WHAT IS NEEDED: Copy the material below exactly, but only from the line with "n) = radial" onward, the final line included.

DATA SHOWN: Begin

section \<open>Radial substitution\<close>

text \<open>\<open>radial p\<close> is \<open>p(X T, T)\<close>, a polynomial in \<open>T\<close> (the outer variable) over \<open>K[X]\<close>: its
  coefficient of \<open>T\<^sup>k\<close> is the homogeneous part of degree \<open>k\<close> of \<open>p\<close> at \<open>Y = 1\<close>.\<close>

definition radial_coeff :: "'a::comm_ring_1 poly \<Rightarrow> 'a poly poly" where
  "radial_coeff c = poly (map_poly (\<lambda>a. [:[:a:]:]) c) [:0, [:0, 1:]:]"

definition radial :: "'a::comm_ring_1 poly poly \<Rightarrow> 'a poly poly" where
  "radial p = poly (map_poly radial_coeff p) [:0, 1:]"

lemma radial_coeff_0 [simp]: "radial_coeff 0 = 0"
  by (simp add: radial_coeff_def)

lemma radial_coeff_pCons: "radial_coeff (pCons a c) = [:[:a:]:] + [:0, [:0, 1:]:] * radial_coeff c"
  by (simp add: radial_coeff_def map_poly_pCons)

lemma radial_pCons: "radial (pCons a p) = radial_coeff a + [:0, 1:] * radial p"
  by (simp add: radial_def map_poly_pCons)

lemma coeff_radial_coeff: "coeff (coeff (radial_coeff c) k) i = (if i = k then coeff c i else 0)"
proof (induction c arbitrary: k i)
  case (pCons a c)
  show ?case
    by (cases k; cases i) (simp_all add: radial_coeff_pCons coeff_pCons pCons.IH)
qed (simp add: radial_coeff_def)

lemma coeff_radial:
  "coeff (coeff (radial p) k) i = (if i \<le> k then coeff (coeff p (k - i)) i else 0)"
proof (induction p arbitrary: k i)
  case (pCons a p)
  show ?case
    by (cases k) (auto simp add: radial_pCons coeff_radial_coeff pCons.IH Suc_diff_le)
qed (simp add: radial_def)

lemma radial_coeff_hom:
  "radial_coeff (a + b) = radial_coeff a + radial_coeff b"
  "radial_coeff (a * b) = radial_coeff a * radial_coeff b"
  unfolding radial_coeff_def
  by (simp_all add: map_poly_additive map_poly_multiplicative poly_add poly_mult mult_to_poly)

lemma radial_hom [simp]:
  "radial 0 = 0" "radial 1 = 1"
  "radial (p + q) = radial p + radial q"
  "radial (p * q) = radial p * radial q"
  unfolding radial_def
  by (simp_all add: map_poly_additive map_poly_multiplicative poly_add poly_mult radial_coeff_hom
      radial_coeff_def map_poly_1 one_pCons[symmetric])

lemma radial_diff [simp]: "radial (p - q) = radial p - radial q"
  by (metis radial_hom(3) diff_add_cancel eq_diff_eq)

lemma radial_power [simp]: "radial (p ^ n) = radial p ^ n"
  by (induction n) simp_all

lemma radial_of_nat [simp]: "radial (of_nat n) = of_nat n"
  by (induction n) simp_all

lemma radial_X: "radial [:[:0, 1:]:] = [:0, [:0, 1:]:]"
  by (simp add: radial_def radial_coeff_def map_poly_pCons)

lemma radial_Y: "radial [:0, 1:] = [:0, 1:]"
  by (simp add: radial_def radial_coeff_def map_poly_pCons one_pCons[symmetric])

DATA SHOWN: End

RESPONSE BOX:
lemma radial_power [simp]: "radial (p ^ n) = radial p ^ n"
  by (induction n) simp_all

lemma radial_of_nat [simp]: "radial (of_nat n) = of_nat n"
  by (induction n) simp_all

lemma radial_X: "radial [:[:0, 1:]:] = [:0, [:0, 1:]:]"
  by (simp add: radial_def radial_coeff_def map_poly_pCons)

lemma radial_Y: "radial [:0, 1:] = [:0, 1:]"
  by (simp add: radial_def radial_coeff_def map_poly_pCons one_pCons[symmetric])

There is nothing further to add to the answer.